In this matter, the Court was presented with an application for orders under the Status of Children Act 1978 that a person, referred to as “B” is a legal parent of two children born to the biological mother, “A”, using sperm from a known donor.  B and A were in a same sex relationship.  Further orders were sought that the Register of Births be corrected to show B and A as the parents of the two children.  The application followed certain legislative changes in 2010 to recognise retrospectively that the two women, and the children which they had planned, have the same rights as if they had been born to a heterosexual couple using donated gametes.  It was not in dispute that C was the donor of the sperm and the biological father of each child.  Unrepresented, C appeared at the hearing of the application and indicated that he would abide the order of the Court, but he did not consent to the orders. He had not been in any relationship with the biological mother nor with B.  He had been contacted through a “gay community website” in A and B’s local area.  At the time of the birth of the first child, same sex de facto relationships were not recognised by State or Commonwealth law.  Consequently, there was no method by which B could have been recorded as a parent on the certificate.  A claimed that she named C as the father on the child’s birth certificate because her failure to do so would have adversely affected her social security benefits.

Ann Lyons J was required to apply the provisions of the Surrogacy Act which commenced on 1 June 2010 and which had made significant changes to the Status of Children Act and the Births, Deaths and Marriages Registration Act 2003.  The Surrogacy Act provides that persons in the position of the applicants were capable of being registered as “mother” and “parent” of the child and that the donor male was to have no rights or liabilities with respect to the child.  It would appear that an irrebuttable presumption is imposed by s 19C of that Act to the effect that the de facto couple are the parents of the child.  By reason of the Status of Children Act the provisions of the Surrogacy Act applied to de facto couples.  Under the Births, Deaths and Marriages Registration Act a rebuttable presumption arose to the effect that the persons named on the birth certificate were the parents of the child.  By an unusual provision in s 30 of the Status of Children Act it was provided that where two conflicting presumptions arise, it is for the Court to determine which presumption is “most likely to be correct”. 

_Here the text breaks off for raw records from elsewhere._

(* Let $\mathcal B\subset\mathbb N_{\geq2}$ be finite with $2\in\mathcal B$, let $t\in\mathcal B\setminus\{2\}$, let $p\geq2$ be an integer, and let $W\subset\mathcal B^{p}$ be a non-empty finite set of words of length $p$ none of whose last letter equals $2$. Let $(m(i))_{i\geq0}$ be positive integers and put $M_k=p\sum_{i=0}^k m(i)$; assume $M_k\geq\max\{\sum_{i=0}^{k-1}M_i,\ M_{k-1}/2\}$ for all $k\geq1$. Let $\lambda>0$, put $L=\max\{\max\mathcal B-2,\ p\}$, and let $\alpha\in(2,\infty)$ satisfy \[2(\alpha-2)\log\big(\sqrt2(L+1)\big)+(\alpha-2)\lambda\leq\frac{\lambda}{2}.\] Let $y\in(0,1)\setminus\mathbb Q$ be such that its BCF digit sequence $(b_n(y))_{n\geq1}$ is an infinite concatenation of words from $W$. Let $x(y)\in(0,1)\setminus\mathbb Q$ be the number whose BCF digit sequence is obtained from $(b_n(y))_{n\geq1}$ by inserting, for every $k\geq0$, immediately after the digit $b_{M_k}(y)$, a block consisting of $\lfloor\exp(\lambda M_k)\rfloor$ copies of $2$ followed by a single digit $t$ (with all other digits of $y$ kept in order). Then $x(y)\in G(\alpha)\cap F_{\mathcal B}$.
   Context: For $x\in\mathbb R$, the irrationality exponent $\mu(x)$ is the supremum of the set of $\mu\in\mathbb R$ such that $|x-p/q|<q^{-\mu}$ holds for infinitely many $(p,q)\in\mathbb Z\times\mathbb N$ with $|p|$ and $q$ coprime. For $\alpha>2$, $G(\alpha)=\{x\in\mathbb R\setminus\mathbb Q:\mu(x)\geq\alpha\}$. Every irrational $x$ has a unique backward continued fraction (BCF) expansion $x=b_0(x)-\cfrac{1}{b_1(x)-\cfrac{1}{b_2(x)-\cdots}}$ with $b_0(x)=\lfloor x\rfloor+1$ and integers $b_n(x)\geq2$ for $n\geq1$; conversely every sequence of integers $\geq2$ is the BCF digit sequence of a unique number in $(0,1)\setminus\mathbb Q$ (with $b_0=1$). For a finite $\mathcal B\subset\mathbb N_{\geq2}$, $F_{\mathcal B}=\{x\in(0,1)\setminus\mathbb Q: b_n(x)\in\mathcal B\text{ for all }n\geq1\}$. *)

theory Defs
  imports Complex_Main "HOL-Library.Extended_Real"
begin

definition irr_exp :: "real \<Rightarrow> ereal" where
  "irr_exp x = Sup {ereal mu | mu. infinite {(p::int, q::nat). q > 0 \<and> coprime p (int q) \<and>
       \<bar>x - real_of_int p / real q\<bar> < real q powr (- mu)}}"

definition G :: "real \<Rightarrow> real set" where
  "G alpha = {x. x \<notin> \<rat> \<and> irr_exp x \<ge> ereal alpha}"

text \<open>Backward continued fraction: x = b0 - 1/x1, b0 = floor x + 1, x1 = 1/(b0 - x), etc.\<close>
fun bcf_orbit :: "real \<Rightarrow> nat \<Rightarrow> real" where
  "bcf_orbit x 0 = x"
| "bcf_orbit x (Suc n) = 1 / (real_of_int (\<lfloor>bcf_orbit x n\<rfloor> + 1) - bcf_orbit x n)"

definition bcf_digit :: "real \<Rightarrow> nat \<Rightarrow> int" where
  "bcf_digit x n = \<lfloor>bcf_orbit x n\<rfloor> + 1"

definition bcf_value :: "(nat \<Rightarrow> int) \<Rightarrow> real" where
  "bcf_value c = (THE x. x \<in> {0<..<1} - \<rat> \<and> (\<forall>n\<ge>1. bcf_digit x n = c n))"

definition F :: "nat set \<Rightarrow> real set" where
  "F B = {x \<in> {0<..<1} - \<rat>. \<forall>n\<ge>1. bcf_digit x n \<in> int ` B}"

definition conc_nth :: "(nat \<Rightarrow> 'a list) \<Rightarrow> nat \<Rightarrow> 'a" where
  "conc_nth seg n = (let k = (LEAST k. n < (\<Sum>i\<le>k. length (seg i)))
                     in seg k ! (n - (\<Sum>i<k. length (seg i))))"

end

theory Submission
  imports Defs
begin

(*
  If the BCF digits of x contain a run of r twos starting at position n, replacing all digits
  from position n on by 2 gives a rational number P/Q (the tail 2, 2, 2, ... has value 1), where Q
  is the difference of the last two convergent denominators, and |x - P/Q| < 1/(r Q^2).

  Along the digits of x(y) the convergent denominators grow at most by the factor max B per digit
  of y, by the factor t per separator, and only by the factor r + 1 along a run of r twos. Hence
  the denominator Q_k belonging to the k-th inserted run satisfies
  ln Q_k <= M_k (2 ln (sqrt 2 (L + 1)) + lambda), and the hypothesis on alpha makes the run length
  floor (exp (lambda M_k)) exceed Q_k^(alpha - 2) for large k.  The separators t >= 3 make the Q_k
  strictly increasing, so these are infinitely many distinct coprime approximations.
*)

section \<open>Backward continued fraction expansions\<close>

lemma bcf_orbit_not_rat:
  assumes "x \<notin> \<rat>"
  shows "bcf_orbit x n \<notin> \<rat>"
proof (induction n)
  case 0
  then show ?case using assms by simp
next
  case (Suc n)
  show ?case
  proof
    assume "bcf_orbit x (Suc n) \<in> \<rat>"
    then have "1 / bcf_orbit x (Suc n) \<in> \<rat>" by (intro Rats_divide) simp_all
    then have "of_int (\<lfloor>bcf_orbit x n\<rfloor> + 1) - bcf_orbit x n \<in> \<rat>"
      by (simp del: bcf_orbit.simps add: bcf_orbit.simps(2))
    from Rats_diff[OF Rats_of_int[of "\<lfloor>bcf_orbit x n\<rfloor> + 1"] this] show False using Suc by simp
  qed
qed

lemma bcf_orbit_floor_gap:
  assumes "x \<notin> \<rat>"
  shows "0 < of_int (\<lfloor>bcf_orbit x n\<rfloor> + 1) - bcf_orbit x n"
    and "of_int (\<lfloor>bcf_orbit x n\<rfloor> + 1) - bcf_orbit x n < 1"
proof -
  have "bcf_orbit x n \<noteq> of_int \<lfloor>bcf_orbit x n\<rfloor>"
    using bcf_orbit_not_rat[OF assms, of n] by (metis Rats_of_int)
  then show "of_int (\<lfloor>bcf_orbit x n\<rfloor> + 1) - bcf_orbit x n < 1"
    using of_int_floor_le[of "bcf_orbit x n"] by linarith
qed linarith

lemma bcf_orbit_Suc_gt_1:
  assumes "x \<notin> \<rat>"
  shows "1 < bcf_orbit x (Suc n)"
  using bcf_orbit_floor_gap[OF assms, of n] by simp

lemma bcf_orbit_eq:
  assumes "x \<notin> \<rat>"
  shows "bcf_orbit x n = bcf_digit x n - 1 / bcf_orbit x (Suc n)"
  using bcf_orbit_floor_gap(1)[OF assms, of n] by (simp add: bcf_digit_def)

lemma bcf_digit_0:
  assumes "x \<in> {0<..<1}"
  shows "bcf_digit x 0 = 1"
  using assms by (simp add: bcf_digit_def floor_eq_iff)

lemma bcf_digit_ge_2:
  assumes "x \<notin> \<rat>" and "1 \<le> n"
  shows "2 \<le> bcf_digit x n"
proof -
  obtain k where "n = Suc k" using assms(2) by (cases n) auto
  then show ?thesis using bcf_orbit_Suc_gt_1[OF assms(1), of k] by (simp add: bcf_digit_def)
qed

lemma bcf_tails_dist_step:
  fixes d :: "nat \<Rightarrow> int" and v w :: "nat \<Rightarrow> real"
  assumes v: "\<And>n. 1 < v n" "\<And>n. v n = d n - 1 / v (Suc n)"
    and w: "\<And>n. 1 < w n" "\<And>n. w n = d n - 1 / w (Suc n)"
  shows "\<bar>v n - w n\<bar> \<le> \<bar>v (Suc n) - w (Suc n)\<bar>"
    and "3 \<le> d (Suc n) \<Longrightarrow> \<bar>v n - w n\<bar> \<le> \<bar>v (Suc n) - w (Suc n)\<bar> / 4"
proof -
  have diff: "\<bar>v n - w n\<bar> = \<bar>v (Suc n) - w (Suc n)\<bar> / (v (Suc n) * w (Suc n))"
  proof -
    have "v n - w n = 1 / w (Suc n) - 1 / v (Suc n)" using v(2)[of n] w(2)[of n] by simp
    also have "\<dots> = (v (Suc n) - w (Suc n)) / (v (Suc n) * w (Suc n))"
      using v(1)[of "Suc n"] w(1)[of "Suc n"] by (simp add: field_simps)
    finally show ?thesis using v(1)[of "Suc n"] w(1)[of "Suc n"] by simp
  qed
  show "\<bar>v n - w n\<bar> \<le> \<bar>v (Suc n) - w (Suc n)\<bar>"
  proof -
    have "1 \<le> v (Suc n) * w (Suc n)"
      using v(1)[of "Suc n"] w(1)[of "Suc n"] mult_mono[of 1 "v (Suc n)" 1 "w (Suc n)"] by simp
    then show ?thesis unfolding diff by (simp add: divide_le_eq mult_le_cancel_left1)
  qed
  show "\<bar>v n - w n\<bar> \<le> \<bar>v (Suc n) - w (Suc n)\<bar> / 4" if "3 \<le> d (Suc n)"
  proof -
    have "1 / v (Suc (Suc n)) < 1" "1 / w (Suc (Suc n)) < 1"
      using v(1)[of "Suc (Suc n)"] w(1)[of "Suc (Suc n)"] by simp_all
    moreover have "3 \<le> real_of_int (d (Suc n))" using that by simp
    ultimately have "2 < v (Suc n)" "2 < w (Suc n)"
      using v(2)[of "Suc n"] w(2)[of "Suc n"] by linarith+
    then have "4 \<le> v (Suc n) * w (Suc n)"
      using mult_mono[of 2 "v (Suc n)" 2 "w (Suc n)"] by simp
    then show ?thesis unfolding diff by (intro divide_left_mono) auto
  qed
qed

lemma bcf_tail_unique:
  fixes d :: "nat \<Rightarrow> int" and v w :: "nat \<Rightarrow> real"
  assumes d3: "\<And>N. \<exists>m\<ge>N. 3 \<le> d m"
    and v: "\<And>n. 1 < v n" "\<And>n. v n = d n - 1 / v (Suc n)"
    and w: "\<And>n. 1 < w n" "\<And>n. w n = d n - 1 / w (Suc n)"
  shows "v 0 = w 0"
proof -
  note step = bcf_tails_dist_step(1)[of v d w, OF v w]
    and contract = bcf_tails_dist_step(2)[of v d w, OF v w]
  have steps: "\<bar>v n - w n\<bar> \<le> \<bar>v (n + k) - w (n + k)\<bar>" for n k
    by (induction k) (auto intro: order_trans step)
  have bound: "\<bar>v n - w n\<bar> \<le> 1" for n
  proof -
    have "0 < 1 / v (Suc n)" "1 / v (Suc n) < 1" "0 < 1 / w (Suc n)" "1 / w (Suc n) < 1"
      using v(1)[of "Suc n"] w(1)[of "Suc n"] by simp_all
    then show ?thesis using v(2)[of n] w(2)[of n] by linarith
  qed
  have small: "\<bar>v n - w n\<bar> \<le> (1 / 4) ^ j" for j n
  proof (induction j arbitrary: n)
    case 0
    then show ?case using bound by simp
  next
    case (Suc j)
    obtain m where m: "Suc n \<le> m" "3 \<le> d (Suc m)" using d3[of "Suc (Suc n)"]
      by (metis Suc_le_D Suc_le_mono)
    have "\<bar>v n - w n\<bar> \<le> \<bar>v m - w m\<bar>" using steps[of n "m - n"] m(1) by simp
    also have "\<dots> \<le> \<bar>v (Suc m) - w (Suc m)\<bar> / 4" using contract m(2) by simp
    also have "\<dots> \<le> (1 / 4) ^ j / 4" using Suc[of "Suc m"] by simp
    finally show ?case by simp
  qed
  show ?thesis
  proof (rule ccontr)
    assume "v 0 \<noteq> w 0"
    then obtain j where "(1 / 4 :: real) ^ j < \<bar>v 0 - w 0\<bar>"
      using real_arch_pow_inv[of "\<bar>v 0 - w 0\<bar>" "1 / 4"] by auto
    then show False using small[of 0 j] by simp
  qed
qed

It was held that the presumption that the de facto same sex couple were the parents of the children was more likely to be the correct presumption.  Given the above, and holding that the Register of Births, Deaths and Marriages should be “complete and accurate” it was ordered that the children’s birth certificates should show the de facto same sex couple as the parents of the children and that there should be no reference to C who was the biological father.  It was recognised that the Register under the Act was not a register of genetic material.